━━ Records for this task ━━

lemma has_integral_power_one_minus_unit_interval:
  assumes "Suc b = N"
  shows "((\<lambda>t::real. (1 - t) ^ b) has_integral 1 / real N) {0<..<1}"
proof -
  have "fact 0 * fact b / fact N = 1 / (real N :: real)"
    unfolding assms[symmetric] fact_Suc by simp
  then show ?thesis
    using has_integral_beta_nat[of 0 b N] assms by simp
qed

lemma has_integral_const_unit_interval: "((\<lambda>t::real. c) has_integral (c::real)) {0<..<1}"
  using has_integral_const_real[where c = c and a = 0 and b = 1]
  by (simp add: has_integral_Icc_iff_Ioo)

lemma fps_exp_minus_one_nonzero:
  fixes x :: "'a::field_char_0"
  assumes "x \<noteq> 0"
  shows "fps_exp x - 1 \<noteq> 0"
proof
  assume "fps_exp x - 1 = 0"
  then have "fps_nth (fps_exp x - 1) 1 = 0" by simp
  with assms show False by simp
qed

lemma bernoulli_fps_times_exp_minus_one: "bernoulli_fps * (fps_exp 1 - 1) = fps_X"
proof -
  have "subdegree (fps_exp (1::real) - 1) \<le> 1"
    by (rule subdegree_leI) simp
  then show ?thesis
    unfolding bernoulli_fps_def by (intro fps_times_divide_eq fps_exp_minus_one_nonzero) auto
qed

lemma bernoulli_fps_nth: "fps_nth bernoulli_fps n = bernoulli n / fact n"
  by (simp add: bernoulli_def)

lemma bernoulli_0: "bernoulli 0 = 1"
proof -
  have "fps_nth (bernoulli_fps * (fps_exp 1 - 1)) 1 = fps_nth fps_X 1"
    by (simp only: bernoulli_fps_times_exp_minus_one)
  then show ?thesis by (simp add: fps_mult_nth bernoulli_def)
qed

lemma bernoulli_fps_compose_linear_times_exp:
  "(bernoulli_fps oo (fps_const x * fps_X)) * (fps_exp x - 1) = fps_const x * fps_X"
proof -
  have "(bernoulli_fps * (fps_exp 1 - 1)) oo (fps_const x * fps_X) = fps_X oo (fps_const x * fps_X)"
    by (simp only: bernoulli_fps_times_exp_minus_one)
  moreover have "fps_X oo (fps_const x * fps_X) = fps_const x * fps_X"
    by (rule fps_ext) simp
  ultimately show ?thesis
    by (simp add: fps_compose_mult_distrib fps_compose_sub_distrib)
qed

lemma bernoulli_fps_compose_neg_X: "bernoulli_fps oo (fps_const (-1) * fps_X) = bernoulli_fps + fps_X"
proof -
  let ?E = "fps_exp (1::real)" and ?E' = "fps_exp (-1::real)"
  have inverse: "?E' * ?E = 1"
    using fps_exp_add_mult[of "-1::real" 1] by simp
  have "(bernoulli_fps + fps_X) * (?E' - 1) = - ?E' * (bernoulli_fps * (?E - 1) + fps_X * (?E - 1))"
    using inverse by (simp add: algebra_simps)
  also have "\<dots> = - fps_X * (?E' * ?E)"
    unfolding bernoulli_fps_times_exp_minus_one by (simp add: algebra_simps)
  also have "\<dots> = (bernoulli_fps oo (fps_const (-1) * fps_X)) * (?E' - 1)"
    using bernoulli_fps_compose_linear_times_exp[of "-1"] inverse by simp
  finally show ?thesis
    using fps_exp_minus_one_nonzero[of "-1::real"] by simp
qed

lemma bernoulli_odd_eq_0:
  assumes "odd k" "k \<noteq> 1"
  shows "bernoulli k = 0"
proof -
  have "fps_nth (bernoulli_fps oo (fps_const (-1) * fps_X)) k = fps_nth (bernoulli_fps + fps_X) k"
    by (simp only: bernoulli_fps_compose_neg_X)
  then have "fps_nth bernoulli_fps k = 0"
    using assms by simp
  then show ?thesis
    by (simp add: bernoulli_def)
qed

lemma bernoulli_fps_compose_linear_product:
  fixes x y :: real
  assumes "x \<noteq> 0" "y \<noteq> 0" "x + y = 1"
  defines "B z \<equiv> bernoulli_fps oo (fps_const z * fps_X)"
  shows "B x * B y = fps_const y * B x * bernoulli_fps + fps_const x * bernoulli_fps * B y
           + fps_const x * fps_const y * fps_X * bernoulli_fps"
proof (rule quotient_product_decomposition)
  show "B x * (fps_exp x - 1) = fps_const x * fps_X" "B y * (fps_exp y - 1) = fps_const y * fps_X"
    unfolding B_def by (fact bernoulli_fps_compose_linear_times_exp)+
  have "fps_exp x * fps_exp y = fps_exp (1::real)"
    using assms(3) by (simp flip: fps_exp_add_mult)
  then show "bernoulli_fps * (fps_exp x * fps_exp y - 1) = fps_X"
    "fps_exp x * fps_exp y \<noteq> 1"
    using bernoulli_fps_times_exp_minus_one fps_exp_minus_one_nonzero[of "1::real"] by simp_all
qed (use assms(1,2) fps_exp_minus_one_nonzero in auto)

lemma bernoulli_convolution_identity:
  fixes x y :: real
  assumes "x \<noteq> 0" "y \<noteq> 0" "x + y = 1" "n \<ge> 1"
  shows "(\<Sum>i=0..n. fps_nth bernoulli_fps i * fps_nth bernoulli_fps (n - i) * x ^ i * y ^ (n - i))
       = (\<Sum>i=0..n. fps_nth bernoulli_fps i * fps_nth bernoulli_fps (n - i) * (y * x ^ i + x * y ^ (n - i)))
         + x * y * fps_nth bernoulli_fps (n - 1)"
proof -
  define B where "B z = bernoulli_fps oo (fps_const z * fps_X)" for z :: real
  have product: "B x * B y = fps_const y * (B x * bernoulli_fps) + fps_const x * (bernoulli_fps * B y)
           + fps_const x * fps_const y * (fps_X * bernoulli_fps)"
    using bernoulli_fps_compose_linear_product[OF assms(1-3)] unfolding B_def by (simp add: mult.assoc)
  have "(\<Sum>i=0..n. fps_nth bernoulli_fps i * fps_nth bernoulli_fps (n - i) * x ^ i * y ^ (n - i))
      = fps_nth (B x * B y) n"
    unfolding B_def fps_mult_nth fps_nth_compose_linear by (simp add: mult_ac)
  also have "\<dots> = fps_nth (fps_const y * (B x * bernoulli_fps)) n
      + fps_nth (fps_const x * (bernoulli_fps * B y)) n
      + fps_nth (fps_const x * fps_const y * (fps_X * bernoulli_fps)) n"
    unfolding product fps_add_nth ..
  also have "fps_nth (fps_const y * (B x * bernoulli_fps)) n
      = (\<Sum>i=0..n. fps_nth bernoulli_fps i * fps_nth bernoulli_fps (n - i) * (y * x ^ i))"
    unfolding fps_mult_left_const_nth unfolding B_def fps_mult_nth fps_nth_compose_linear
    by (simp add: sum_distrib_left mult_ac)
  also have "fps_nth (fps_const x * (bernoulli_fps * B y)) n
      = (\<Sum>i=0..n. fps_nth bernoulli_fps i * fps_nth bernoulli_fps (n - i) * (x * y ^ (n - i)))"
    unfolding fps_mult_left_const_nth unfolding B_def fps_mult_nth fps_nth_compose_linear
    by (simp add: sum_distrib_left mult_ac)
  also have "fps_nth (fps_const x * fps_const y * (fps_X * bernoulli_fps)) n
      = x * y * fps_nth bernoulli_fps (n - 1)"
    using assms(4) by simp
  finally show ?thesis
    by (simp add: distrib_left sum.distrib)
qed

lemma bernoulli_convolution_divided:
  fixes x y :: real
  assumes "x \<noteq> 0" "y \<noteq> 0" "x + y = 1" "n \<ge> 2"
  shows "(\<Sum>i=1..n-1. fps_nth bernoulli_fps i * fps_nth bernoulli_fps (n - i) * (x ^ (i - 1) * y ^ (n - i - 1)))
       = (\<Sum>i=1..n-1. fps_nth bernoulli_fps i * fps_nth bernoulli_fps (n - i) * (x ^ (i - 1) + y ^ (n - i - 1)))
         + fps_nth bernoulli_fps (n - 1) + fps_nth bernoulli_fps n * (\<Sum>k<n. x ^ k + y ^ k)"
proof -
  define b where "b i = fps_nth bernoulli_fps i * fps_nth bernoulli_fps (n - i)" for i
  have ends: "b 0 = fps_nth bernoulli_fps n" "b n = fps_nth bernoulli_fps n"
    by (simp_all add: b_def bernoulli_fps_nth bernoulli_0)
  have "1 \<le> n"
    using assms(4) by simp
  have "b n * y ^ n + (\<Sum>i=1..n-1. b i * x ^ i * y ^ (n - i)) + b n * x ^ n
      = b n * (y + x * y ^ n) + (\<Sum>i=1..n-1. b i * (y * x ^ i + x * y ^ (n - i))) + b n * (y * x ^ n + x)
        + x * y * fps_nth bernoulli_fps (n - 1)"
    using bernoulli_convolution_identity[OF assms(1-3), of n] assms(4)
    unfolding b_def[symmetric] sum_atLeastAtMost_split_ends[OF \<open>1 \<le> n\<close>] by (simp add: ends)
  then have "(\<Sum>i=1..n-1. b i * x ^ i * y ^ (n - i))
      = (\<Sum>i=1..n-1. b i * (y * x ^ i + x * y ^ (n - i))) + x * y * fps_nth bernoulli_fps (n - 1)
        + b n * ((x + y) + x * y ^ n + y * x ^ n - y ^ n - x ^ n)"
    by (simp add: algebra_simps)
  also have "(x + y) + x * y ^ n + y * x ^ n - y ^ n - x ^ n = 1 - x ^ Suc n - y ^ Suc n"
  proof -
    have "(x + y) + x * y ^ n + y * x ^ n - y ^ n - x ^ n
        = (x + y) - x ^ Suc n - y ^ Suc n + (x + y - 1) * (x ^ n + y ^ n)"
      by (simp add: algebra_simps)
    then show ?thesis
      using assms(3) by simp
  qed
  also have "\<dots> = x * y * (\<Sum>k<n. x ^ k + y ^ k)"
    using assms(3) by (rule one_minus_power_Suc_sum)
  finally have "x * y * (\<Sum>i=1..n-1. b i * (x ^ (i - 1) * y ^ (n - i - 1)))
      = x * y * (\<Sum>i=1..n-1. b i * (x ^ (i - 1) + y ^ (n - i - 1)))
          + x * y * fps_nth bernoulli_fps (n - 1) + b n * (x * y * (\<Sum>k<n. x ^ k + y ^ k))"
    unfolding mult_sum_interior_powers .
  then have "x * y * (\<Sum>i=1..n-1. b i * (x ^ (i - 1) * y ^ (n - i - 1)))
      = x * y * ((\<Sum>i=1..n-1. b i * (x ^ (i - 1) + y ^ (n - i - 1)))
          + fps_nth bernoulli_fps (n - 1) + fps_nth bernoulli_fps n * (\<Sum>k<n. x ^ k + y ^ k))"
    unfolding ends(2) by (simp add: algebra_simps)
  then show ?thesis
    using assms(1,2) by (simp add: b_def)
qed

━━━

**Exercise description:**
Every line above that holds the word "dots" should be copied out.

**Answer to the problem:**
  also have "\<dots> = - fps_X * (?E' * ?E)"
  also have "\<dots> = (bernoulli_fps oo (fps_const (-1) * fps_X)) * (?E' - 1)"
  also have "\<dots> = fps_nth (fps_const y * (B x * bernoulli_fps)) n
  also have "\<dots> = x * y * (\<Sum>k<n. x ^ k + y ^ k)"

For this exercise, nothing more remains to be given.